*** Opening DATA RECORDS ***

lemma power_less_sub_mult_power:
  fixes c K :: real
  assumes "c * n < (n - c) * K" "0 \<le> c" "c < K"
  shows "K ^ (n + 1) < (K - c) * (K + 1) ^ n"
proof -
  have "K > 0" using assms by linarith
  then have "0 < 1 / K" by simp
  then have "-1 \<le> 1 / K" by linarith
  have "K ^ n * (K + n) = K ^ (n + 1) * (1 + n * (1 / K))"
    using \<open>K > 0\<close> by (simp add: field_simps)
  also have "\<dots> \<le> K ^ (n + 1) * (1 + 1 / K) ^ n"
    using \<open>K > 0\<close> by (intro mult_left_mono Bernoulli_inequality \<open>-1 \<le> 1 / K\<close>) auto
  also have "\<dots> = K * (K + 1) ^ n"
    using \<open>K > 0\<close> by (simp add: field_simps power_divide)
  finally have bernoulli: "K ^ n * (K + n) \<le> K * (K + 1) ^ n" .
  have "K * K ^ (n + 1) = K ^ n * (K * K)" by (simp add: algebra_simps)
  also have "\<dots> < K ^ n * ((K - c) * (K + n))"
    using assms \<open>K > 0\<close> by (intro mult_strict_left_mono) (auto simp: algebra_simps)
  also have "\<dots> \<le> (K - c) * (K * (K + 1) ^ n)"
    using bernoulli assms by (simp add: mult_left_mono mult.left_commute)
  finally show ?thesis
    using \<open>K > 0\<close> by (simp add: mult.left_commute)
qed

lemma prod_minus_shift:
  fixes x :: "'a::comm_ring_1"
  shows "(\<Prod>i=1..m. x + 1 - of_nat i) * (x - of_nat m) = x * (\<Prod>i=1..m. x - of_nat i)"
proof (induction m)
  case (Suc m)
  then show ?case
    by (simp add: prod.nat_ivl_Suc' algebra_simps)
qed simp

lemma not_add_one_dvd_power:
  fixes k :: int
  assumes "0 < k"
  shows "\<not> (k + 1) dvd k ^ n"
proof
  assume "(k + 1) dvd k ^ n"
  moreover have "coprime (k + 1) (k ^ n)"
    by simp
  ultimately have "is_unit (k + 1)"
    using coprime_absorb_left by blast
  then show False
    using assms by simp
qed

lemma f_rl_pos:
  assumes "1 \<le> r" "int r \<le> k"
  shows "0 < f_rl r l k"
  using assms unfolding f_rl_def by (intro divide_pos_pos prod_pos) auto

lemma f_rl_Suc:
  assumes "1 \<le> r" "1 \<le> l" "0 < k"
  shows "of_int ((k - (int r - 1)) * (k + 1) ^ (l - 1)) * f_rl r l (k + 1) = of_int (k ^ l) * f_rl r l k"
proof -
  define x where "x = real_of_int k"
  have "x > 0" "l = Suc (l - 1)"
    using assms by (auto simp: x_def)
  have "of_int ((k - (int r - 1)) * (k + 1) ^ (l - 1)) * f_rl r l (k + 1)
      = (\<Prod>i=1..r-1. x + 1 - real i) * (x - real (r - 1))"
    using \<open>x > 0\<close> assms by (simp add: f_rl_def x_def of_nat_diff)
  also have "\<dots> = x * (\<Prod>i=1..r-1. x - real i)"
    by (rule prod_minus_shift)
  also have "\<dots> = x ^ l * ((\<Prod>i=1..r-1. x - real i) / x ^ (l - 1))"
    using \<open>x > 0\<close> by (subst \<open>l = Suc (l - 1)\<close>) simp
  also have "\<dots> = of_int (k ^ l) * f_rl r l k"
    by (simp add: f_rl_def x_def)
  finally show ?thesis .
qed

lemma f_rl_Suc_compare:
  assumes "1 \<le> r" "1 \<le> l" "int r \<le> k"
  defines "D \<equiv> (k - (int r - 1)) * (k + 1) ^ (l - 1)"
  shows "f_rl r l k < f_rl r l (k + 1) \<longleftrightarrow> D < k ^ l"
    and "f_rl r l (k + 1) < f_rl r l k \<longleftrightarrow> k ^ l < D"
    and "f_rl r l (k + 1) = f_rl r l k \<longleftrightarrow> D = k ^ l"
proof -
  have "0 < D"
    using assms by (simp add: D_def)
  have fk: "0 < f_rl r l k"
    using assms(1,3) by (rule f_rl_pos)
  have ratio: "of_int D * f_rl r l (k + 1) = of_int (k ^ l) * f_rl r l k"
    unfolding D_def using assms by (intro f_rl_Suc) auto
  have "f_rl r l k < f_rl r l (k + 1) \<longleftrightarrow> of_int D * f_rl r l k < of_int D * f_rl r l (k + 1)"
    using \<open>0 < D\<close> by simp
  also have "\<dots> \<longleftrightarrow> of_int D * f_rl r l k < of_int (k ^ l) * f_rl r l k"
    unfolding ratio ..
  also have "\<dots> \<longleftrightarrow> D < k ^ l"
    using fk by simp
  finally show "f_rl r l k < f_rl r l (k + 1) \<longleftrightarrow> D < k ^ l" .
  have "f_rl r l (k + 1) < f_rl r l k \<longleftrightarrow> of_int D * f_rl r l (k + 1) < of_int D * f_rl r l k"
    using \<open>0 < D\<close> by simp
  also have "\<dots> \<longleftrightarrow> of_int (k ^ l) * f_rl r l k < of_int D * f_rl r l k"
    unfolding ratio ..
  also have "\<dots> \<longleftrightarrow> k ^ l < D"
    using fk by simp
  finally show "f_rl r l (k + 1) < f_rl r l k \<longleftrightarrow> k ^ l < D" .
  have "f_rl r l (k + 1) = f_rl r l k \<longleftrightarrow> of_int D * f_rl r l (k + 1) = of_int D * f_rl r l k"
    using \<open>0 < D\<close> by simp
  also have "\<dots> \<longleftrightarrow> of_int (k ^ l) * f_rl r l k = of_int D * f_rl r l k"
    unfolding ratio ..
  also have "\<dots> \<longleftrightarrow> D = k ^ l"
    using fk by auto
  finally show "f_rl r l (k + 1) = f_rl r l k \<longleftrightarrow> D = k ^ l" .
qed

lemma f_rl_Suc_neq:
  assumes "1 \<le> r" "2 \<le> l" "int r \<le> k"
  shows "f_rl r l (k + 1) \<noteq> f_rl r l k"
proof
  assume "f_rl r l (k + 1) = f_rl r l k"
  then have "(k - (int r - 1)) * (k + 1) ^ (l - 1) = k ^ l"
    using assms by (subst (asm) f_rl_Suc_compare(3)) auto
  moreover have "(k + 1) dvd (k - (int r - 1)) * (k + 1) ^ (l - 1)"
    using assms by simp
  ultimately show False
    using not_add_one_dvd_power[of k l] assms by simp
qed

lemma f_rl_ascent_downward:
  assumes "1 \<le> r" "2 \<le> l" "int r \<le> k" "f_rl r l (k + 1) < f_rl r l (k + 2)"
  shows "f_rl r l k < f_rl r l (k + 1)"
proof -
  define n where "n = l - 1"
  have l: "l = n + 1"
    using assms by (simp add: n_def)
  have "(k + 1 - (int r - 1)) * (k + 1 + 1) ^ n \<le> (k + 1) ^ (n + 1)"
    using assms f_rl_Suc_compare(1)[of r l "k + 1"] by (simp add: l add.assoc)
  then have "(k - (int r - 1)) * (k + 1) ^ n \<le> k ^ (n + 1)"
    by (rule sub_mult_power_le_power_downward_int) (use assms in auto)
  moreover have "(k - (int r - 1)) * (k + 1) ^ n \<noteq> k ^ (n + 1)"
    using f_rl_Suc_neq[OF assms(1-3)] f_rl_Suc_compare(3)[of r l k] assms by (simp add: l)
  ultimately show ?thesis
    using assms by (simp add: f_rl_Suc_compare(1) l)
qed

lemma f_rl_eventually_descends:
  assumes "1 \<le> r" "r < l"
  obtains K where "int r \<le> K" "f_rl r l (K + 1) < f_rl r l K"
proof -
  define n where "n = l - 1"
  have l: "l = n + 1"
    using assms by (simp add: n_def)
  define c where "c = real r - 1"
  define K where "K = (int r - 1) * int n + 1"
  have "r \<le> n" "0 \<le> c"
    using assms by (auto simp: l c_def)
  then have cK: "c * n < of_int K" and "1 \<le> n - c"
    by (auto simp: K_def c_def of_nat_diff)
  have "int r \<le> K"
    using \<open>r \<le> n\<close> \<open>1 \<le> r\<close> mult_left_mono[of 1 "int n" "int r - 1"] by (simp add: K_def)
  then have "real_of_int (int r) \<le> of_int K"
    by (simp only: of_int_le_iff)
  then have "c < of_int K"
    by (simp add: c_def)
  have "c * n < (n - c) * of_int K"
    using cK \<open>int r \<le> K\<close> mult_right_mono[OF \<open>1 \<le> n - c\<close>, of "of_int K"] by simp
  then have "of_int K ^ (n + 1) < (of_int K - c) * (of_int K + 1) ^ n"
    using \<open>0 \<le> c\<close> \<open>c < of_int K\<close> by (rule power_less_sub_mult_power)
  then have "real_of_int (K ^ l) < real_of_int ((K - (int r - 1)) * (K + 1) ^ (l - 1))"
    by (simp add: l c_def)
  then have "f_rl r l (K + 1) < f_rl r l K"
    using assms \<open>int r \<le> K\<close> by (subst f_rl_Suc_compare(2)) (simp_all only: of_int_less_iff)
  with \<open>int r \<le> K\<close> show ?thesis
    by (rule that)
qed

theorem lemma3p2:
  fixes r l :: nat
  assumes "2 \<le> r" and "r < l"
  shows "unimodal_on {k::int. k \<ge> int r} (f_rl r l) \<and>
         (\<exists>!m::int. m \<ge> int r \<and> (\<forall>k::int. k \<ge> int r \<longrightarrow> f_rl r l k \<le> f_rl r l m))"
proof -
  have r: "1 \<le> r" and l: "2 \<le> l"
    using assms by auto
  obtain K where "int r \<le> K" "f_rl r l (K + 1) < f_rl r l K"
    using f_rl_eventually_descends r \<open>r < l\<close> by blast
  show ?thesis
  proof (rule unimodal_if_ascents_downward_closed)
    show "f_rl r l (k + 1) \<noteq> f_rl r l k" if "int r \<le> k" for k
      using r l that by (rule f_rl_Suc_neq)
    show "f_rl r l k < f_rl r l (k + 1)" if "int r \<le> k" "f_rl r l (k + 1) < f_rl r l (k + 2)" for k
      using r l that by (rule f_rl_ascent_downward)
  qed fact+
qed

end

*** Closing DATA RECORDS ***

* WHAT IS NEEDED *
Copy each line from the data that features the string "noteq".

* SOLUTION *
  shows "f_rl r l (k + 1) \<noteq> f_rl r l k"
  moreover have "(k - (int r - 1)) * (k + 1) ^ n \<noteq> k ^ (n + 1)"
    show "f_rl r l (k + 1) \<noteq> f_rl r l k" if "int r \<le> k" for k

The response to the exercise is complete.